Tucker's previous long was 61 yards. Coincidentally, that also happened against the Lions in Detroit. On that occasion, it came with 38 seconds left to give the Ravens an 18-16 win on Monday Night Football.
So naturally, Ravens coach John Harbaugh figured a 66-yard boot was possible
"When it went off his foot, I thought it had a chance," Harbaugh said. "Justin Tucker, he's the best kicker in NFL history."
Tucker, a four-time Pro Bowler, trotted out for the kick fully aware it would be a challenge.
"Whenever we're fortunate enough to have a game-winning field goal opportunity, especially a walk-off, I get more nervous after the fact thinking about what if that didn't go the way we wanted it to go," Tucker said. "I kicked it, tried to get a good picture. As soon as it left my foot, I knew it was going to have a chance but I was short from 65 in pregame both ways. For whatever reason, I couldn't get the ball to just go.

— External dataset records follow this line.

(* Let $p\ge1$, $k\ge1$, and suppose $c\in\mathbb R^p$ and $f_i(z)=\Phi_iz$ with $\Phi_i\in\mathbb R^{p\times p}$ for $i=0,\dots,k$ (a linear VAR), with $\Phi(\lambda)\defeq\Phi_0-\sum_{i=1}^k\Phi_i\lambda^i$. Suppose for some $r\in\{0,\dots,p\}$, with $q=p-r$: (LIN.1) $\Phi_0$ is invertible; (LIN.2) $c\in\operatorname{span}\Phi(1)$ and $\operatorname{rank}\Phi(1)=r$; (LIN.3) $\Phi(\lambda)$ has $q$ roots at unity and all others outside the unit circle. Then $(c,\{f_i\}_{i=0}^k)$ belongs to the class $\mathcal M_r$, with $g_j(z)=\Gamma_jz$ where $\Gamma_j\defeq-\sum_{i=j+1}^k\Phi_i$ for $j=1,\dots,k-1$, and $$\chi(z)=\begin{bmatrix}\psi(z)\\\theta(z)\end{bmatrix}=\begin{bmatrix}\alpha_\perp^\top(\Phi_0-\sum_{i=1}^{k-1}\Gamma_i)\\\beta^\top\end{bmatrix}z,$$ for $\alpha,\beta\in\mathbb R^{p\times r}$ (of full column rank) such that $\alpha\beta^\top=-\Phi(1)$.
   Context: Roots of $\Phi(\lambda)$ means roots of $\det\Phi(\lambda)$. Model: for $c\in\mathbb R^p$ and maps $f_0,\dots,f_k:\mathbb R^p\to\mathbb R^p$ with $f_i(0)=0$, the nonlinear VAR($k$) is $f_0(z_t)=c+\sum_{i=1}^k f_i(z_{t-i})+u_t$. (When $k=1$, blocks indexed by $1,\dots,k-1$ are empty.) Define $g_j(z)=-\sum_{i=j+1}^k f_i(z)$; $\pi(z)=-f_0(z)+\sum_{i=1}^k f_i(z)$; $\mathbf g(z)=(g_1(z)^\top,\dots,g_{k-1}(z)^\top)^\top$. $D\in\mathbb R^{p(k-1)\times p(k-1)}$ has $-I_p$ diagonal blocks, $I_p$ blocks immediately above the diagonal, zeros elsewhere; $E=(I_p,0_{p\times p(k-2)})^\top$. For $\alpha$ of rank $r$, $\alpha_\perp$ is $p\times(p-r)$ of rank $p-r$ with $\alpha_\perp^\top\alpha=0$; $\boldsymbol\alpha=\begin{bmatrix}\alpha & E^\top\\ 0 & I_{p(k-1)}\end{bmatrix}$; for $\theta:\mathbb R^p\to\mathbb R^r$, $\boldsymbol\theta(z)=(\theta(z)^\top,\mathbf g(z)^\top)^\top$, $\mathbf D_0=\begin{bmatrix}0_{r\times p}&0\\0&D\end{bmatrix}$. Joint spectral radius: $\rho_{JSR}(\mathcal A)=\limsup_{t}\sup\{\rho(M_1\cdots M_t)^{1/t}:M_s\in\mathcal A\}$. Class $\mathcal M_r$: the model belongs to $\mathcal M_r$ if for some $\alpha\in\mathbb R^{p\times r}$ of rank $r$, $\bar b<\infty$, $\bar\rho<1$: (i) $f_0$ is a homeomorphism of $\mathbb R^p$; (ii) there exist $\mu\in\mathbb R^r$, $\theta:\mathbb R^p\to\mathbb R^r$ with $c=\alpha\mu$, $\pi=\alpha\theta$; (iii) there is a closed $\mathcal B\subset\mathbb R^{kp\times[p(k-1)+r]}$ with $\max_{\mathcal B}\|\boldsymbol\beta\|\le\bar b$ and $\rho_{JSR}(\{I+\boldsymbol\beta^\top\boldsymbol\alpha:\boldsymbol\beta\in\mathcal B\})\le\bar\rho$, such that for all $\mathbf z=(z^\top,\boldsymbol\zeta^\top)^\top,\mathbf z'\in\mathbb R^{kp}$ some $\boldsymbol\beta\in\mathcal B$ satisfies $[\boldsymbol\theta(f_0^{-1}(z))+\mathbf D_0\mathbf z]-[\boldsymbol\theta(f_0^{-1}(z'))+\mathbf D_0\mathbf z']=\boldsymbol\beta^\top(\mathbf z-\mathbf z')$. Then $\psi(z)=\alpha_\perp^\top[f_0(z)-\sum_{i=1}^{k-1}g_i(z)]$ and $\chi=(\psi^\top,\theta^\top)^\top$. *)

theory Defs
  imports "Jordan_Normal_Form.Spectral_Radius" "Jordan_Normal_Form.DL_Rank"
    "HOL-Library.Liminf_Limsup" "HOL-Library.Extended_Real"
begin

"Thankfully, we found an extra yard-and-a-half that I didn't have (about four) hours earlier."
The Lions feel Tucker should have never had an opportunity to attempt the field goal.
On the preceding play, television replays show that the play clock reached zero approximately two seconds before Ravens quarterback Lamar Jackson received the snap and threw an incomplete pass.
But no delay of game penalty was called. If there had been one, any field goal attempt would have been 71 yards.
Referee Scott Novak said in a pool report after the game that he hadn't reviewed the play and said that back judge Terrence Miles oversaw the play correctly.
"As far as our mechanics, the back judge is looking at the play clock and if it were to hit zero, he sees the zero, and he then looks to see if the ball is being snapped," Novak said. "If the ball is being snapped, we will let the play go. If it's not moving, it's delay of game."
That description didn't impress Lions coach Dan Campbell after his team fell to 0-3.
"There's nothing I can say to that, because it's the same thing," Campbell said. "Tomorrow you'll get an apology and it doesn't mean anything. That's life and that's the hand we were dealt."